Exercise objective ->
Hunt through the entries for the word "Mmax" and copy each line in which it appears.

▼

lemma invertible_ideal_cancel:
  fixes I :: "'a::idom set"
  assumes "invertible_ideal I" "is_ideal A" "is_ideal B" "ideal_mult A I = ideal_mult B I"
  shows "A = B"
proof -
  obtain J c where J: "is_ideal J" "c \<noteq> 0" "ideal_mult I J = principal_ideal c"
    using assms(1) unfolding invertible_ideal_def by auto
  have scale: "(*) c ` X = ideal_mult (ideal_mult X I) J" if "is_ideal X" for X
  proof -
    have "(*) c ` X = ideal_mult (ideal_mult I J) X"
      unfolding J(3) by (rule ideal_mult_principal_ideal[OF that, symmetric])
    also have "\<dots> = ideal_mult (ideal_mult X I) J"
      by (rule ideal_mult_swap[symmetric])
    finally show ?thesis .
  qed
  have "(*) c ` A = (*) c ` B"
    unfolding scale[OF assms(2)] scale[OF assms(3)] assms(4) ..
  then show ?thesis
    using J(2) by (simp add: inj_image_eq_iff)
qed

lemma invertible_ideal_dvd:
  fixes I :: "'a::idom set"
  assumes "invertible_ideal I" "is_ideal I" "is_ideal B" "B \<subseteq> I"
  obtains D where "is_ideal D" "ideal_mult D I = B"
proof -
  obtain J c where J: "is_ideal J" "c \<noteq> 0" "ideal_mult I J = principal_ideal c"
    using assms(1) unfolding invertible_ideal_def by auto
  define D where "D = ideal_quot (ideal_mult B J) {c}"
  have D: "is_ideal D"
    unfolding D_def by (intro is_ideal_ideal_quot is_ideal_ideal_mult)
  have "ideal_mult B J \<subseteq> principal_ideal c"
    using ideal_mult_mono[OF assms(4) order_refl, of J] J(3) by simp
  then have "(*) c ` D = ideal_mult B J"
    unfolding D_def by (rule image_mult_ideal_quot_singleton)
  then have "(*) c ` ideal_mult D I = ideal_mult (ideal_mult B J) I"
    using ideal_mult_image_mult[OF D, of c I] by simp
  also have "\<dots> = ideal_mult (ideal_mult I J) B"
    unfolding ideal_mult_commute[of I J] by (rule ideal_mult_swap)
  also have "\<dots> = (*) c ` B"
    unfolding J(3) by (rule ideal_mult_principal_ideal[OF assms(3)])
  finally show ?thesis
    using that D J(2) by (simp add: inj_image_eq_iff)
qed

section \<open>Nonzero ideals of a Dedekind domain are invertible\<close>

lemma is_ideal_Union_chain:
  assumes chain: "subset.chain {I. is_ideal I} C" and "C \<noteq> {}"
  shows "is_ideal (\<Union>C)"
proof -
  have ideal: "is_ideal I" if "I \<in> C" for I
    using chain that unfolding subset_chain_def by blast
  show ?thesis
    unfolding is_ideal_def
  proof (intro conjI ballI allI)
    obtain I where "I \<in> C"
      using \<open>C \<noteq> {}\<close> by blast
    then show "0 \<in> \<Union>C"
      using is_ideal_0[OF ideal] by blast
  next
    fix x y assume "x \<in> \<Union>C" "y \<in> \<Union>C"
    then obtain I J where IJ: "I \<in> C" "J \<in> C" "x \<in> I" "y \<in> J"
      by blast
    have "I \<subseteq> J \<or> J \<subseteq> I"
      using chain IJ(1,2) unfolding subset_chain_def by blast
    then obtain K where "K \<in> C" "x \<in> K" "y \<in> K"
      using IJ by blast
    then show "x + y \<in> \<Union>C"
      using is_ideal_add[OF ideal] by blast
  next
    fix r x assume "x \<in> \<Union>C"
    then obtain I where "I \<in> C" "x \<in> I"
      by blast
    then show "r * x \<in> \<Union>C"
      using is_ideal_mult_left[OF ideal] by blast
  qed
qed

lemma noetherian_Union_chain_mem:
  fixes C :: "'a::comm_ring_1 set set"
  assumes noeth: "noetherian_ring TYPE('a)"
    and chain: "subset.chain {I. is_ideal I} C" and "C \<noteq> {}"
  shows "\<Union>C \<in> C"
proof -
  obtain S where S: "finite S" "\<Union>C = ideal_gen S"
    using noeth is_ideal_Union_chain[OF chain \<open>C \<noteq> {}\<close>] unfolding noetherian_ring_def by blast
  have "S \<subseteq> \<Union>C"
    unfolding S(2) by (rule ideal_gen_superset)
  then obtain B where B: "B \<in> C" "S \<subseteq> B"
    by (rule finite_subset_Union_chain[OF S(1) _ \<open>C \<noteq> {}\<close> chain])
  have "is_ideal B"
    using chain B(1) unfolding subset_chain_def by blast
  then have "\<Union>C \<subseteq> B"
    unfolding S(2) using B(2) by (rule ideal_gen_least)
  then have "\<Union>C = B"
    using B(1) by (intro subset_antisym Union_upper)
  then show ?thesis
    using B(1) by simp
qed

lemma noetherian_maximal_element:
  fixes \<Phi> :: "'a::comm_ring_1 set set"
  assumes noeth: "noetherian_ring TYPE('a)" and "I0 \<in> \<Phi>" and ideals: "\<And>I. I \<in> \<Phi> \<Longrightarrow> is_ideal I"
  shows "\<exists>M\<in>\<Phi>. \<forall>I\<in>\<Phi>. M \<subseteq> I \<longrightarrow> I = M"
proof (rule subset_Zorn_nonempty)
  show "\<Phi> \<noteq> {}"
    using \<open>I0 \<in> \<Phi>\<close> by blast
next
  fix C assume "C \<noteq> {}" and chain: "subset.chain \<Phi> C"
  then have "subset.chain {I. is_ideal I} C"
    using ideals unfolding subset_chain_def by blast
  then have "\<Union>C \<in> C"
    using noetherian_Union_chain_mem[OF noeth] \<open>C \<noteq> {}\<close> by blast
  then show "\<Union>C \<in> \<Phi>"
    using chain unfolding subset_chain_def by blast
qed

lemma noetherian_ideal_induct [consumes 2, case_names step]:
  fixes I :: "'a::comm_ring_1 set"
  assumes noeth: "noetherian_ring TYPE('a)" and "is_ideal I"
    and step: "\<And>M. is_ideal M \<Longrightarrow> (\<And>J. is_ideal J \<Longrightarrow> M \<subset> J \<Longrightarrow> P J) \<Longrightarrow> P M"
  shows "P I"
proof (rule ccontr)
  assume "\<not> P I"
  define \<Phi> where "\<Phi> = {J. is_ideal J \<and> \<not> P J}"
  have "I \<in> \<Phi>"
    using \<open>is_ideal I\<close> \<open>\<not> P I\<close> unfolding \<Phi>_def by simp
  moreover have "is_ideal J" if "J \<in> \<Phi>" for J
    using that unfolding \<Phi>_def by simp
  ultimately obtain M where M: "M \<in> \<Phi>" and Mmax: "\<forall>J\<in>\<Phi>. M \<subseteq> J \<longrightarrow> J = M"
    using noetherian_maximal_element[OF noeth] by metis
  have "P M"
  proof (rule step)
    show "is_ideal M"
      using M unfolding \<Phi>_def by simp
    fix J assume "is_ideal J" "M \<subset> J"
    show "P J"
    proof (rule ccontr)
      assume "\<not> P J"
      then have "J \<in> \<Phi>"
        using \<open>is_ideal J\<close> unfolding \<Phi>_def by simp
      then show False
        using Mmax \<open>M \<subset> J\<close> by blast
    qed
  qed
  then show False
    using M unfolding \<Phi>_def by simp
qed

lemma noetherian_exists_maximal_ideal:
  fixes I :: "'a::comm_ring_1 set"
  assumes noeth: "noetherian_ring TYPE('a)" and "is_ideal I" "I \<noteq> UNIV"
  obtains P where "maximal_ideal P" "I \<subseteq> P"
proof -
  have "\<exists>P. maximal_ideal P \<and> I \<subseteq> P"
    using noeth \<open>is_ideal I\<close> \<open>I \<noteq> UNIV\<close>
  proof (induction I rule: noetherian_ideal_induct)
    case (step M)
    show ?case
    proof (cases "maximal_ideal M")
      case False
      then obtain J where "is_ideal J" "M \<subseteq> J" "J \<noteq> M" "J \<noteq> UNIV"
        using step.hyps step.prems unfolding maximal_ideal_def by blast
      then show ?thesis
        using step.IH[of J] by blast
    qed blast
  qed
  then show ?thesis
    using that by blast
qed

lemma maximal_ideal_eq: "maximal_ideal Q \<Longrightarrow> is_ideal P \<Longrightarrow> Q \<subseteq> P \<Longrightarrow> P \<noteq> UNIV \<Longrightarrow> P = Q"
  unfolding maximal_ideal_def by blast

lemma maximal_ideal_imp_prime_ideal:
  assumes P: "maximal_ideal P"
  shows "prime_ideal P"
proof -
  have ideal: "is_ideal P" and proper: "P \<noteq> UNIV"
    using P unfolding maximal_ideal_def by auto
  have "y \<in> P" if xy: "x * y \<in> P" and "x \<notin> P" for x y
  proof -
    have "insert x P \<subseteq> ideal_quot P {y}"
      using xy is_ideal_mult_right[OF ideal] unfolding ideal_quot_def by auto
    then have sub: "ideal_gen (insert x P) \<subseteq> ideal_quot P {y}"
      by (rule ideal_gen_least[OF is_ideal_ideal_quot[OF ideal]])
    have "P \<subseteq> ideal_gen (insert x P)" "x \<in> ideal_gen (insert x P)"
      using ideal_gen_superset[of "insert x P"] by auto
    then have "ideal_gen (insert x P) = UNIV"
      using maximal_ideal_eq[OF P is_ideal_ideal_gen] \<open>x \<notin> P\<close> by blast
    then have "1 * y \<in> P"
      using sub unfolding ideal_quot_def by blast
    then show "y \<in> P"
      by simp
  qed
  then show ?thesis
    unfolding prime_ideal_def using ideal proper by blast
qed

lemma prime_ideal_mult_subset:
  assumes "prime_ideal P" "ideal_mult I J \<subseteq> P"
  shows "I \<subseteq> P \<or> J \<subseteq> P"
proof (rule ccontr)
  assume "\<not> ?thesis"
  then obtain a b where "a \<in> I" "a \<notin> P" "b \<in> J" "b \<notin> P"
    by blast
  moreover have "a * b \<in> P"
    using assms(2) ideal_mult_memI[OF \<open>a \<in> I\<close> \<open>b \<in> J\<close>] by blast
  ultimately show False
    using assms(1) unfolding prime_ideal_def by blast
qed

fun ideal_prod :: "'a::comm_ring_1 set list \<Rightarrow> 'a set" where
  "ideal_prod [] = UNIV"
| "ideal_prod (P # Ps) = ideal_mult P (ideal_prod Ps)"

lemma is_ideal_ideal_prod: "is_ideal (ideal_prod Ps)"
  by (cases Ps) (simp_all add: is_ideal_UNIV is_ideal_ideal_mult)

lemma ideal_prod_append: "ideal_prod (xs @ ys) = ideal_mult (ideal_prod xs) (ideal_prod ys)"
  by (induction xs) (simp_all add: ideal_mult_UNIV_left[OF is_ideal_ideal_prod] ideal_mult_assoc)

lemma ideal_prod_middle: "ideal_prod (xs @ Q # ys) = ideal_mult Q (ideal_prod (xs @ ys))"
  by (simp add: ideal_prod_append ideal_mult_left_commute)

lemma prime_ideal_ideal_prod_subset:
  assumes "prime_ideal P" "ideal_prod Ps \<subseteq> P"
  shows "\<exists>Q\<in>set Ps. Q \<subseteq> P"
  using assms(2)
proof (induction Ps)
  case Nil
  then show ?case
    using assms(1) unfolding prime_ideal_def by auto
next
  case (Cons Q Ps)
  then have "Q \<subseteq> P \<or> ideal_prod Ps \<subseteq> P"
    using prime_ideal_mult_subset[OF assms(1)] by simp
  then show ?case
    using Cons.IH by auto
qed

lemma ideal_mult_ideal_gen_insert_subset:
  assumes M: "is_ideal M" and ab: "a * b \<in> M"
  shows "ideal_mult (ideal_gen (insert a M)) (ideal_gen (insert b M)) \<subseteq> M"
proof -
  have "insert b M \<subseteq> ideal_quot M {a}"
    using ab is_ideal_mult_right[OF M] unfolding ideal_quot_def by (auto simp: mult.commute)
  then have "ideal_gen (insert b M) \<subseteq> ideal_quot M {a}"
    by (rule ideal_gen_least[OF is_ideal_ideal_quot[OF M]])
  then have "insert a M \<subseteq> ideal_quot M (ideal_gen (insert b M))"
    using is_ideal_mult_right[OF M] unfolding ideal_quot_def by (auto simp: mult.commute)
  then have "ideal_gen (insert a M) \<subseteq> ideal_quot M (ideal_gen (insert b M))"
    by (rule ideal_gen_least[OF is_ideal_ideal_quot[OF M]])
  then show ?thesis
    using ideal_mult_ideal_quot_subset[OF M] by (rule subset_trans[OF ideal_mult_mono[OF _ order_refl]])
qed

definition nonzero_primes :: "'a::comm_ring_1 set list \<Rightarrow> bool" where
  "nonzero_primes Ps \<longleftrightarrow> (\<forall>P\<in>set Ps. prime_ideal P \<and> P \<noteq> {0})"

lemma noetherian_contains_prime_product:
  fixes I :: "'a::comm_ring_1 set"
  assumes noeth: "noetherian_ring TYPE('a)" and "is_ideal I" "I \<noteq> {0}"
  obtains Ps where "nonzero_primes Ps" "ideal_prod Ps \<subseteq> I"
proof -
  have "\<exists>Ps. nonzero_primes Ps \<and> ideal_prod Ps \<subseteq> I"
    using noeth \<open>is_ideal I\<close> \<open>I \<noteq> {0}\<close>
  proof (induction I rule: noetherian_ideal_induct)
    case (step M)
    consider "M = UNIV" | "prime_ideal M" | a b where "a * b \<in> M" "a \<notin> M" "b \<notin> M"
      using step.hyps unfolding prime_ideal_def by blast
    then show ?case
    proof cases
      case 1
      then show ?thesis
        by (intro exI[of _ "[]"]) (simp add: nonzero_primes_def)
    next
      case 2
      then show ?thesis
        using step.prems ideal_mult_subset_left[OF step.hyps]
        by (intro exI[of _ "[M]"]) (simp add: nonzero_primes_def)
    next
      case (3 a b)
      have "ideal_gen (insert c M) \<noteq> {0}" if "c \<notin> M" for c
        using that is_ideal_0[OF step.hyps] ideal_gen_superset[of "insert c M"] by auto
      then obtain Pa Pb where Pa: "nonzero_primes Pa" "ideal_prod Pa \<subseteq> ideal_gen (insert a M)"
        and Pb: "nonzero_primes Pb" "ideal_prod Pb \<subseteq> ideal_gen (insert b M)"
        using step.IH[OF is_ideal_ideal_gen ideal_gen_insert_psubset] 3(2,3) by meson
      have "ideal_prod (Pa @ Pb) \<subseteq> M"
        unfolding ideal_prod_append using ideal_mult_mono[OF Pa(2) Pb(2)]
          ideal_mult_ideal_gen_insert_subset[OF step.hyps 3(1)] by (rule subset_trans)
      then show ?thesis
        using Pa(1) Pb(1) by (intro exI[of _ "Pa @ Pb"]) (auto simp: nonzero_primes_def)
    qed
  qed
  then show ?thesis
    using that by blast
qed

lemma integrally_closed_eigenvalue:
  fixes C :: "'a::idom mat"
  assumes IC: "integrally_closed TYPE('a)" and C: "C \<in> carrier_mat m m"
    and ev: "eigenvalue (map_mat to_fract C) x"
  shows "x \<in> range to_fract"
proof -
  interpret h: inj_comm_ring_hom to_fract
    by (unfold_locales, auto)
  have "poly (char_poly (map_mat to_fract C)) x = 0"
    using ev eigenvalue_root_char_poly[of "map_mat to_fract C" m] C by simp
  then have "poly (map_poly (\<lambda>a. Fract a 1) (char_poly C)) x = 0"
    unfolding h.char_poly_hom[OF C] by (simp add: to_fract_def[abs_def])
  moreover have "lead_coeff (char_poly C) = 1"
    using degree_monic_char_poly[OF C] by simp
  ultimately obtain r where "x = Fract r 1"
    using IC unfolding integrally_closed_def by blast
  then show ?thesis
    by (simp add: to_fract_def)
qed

▲
▼

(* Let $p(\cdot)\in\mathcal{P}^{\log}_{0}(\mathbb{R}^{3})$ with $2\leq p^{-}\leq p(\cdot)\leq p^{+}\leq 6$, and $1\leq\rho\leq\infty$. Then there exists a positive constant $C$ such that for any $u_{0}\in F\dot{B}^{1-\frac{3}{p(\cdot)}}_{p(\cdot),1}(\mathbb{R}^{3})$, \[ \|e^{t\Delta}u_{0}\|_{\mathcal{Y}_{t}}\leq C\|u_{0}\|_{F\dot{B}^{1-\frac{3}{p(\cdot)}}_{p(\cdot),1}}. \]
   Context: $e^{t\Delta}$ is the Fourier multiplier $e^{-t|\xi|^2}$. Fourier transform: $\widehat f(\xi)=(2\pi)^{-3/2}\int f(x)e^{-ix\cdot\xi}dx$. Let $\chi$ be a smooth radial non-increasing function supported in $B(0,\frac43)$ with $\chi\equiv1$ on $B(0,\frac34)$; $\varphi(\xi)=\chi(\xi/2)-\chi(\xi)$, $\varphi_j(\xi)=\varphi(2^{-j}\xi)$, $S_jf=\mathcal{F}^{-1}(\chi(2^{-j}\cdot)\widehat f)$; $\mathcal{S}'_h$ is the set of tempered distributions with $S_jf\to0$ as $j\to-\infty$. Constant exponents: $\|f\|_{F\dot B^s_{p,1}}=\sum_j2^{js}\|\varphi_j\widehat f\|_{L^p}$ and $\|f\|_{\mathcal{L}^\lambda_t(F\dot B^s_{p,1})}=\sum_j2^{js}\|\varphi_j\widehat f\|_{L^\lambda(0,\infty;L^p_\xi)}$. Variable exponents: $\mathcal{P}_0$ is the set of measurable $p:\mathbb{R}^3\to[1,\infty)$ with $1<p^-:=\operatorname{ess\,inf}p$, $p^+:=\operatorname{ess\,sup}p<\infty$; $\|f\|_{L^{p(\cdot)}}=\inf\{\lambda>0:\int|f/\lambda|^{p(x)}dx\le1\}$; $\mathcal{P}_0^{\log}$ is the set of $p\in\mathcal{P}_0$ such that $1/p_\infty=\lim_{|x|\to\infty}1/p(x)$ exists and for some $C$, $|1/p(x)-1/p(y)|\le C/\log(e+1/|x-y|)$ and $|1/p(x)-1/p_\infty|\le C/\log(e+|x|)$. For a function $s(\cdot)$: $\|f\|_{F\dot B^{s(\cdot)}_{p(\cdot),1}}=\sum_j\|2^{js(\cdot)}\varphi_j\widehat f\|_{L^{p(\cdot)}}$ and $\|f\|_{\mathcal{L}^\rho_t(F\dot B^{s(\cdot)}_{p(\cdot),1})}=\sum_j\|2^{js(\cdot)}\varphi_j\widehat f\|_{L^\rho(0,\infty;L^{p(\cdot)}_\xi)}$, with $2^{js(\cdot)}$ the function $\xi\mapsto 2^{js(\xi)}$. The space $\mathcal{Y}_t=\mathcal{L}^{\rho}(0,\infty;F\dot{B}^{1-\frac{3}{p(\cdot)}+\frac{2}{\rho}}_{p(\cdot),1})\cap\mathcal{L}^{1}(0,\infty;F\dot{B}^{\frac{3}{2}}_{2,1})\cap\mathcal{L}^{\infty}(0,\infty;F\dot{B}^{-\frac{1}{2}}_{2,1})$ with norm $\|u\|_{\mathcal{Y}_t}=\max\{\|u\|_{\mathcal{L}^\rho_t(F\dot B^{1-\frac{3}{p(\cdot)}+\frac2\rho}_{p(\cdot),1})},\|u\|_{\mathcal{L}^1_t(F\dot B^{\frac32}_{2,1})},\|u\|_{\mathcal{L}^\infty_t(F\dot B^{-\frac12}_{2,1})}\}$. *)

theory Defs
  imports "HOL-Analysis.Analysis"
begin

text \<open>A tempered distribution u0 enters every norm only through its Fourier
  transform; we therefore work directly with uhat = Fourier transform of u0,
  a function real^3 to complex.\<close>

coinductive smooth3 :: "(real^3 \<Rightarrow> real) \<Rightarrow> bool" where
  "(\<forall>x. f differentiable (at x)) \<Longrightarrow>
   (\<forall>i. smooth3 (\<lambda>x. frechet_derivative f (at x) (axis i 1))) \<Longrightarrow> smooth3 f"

▲

Solution to the exercise ->
  ultimately obtain M where M: "M \<in> \<Phi>" and Mmax: "\<forall>J\<in>\<Phi>. M \<subseteq> J \<longrightarrow> J = M"
        using Mmax \<open>M \<subset> J\<close> by blast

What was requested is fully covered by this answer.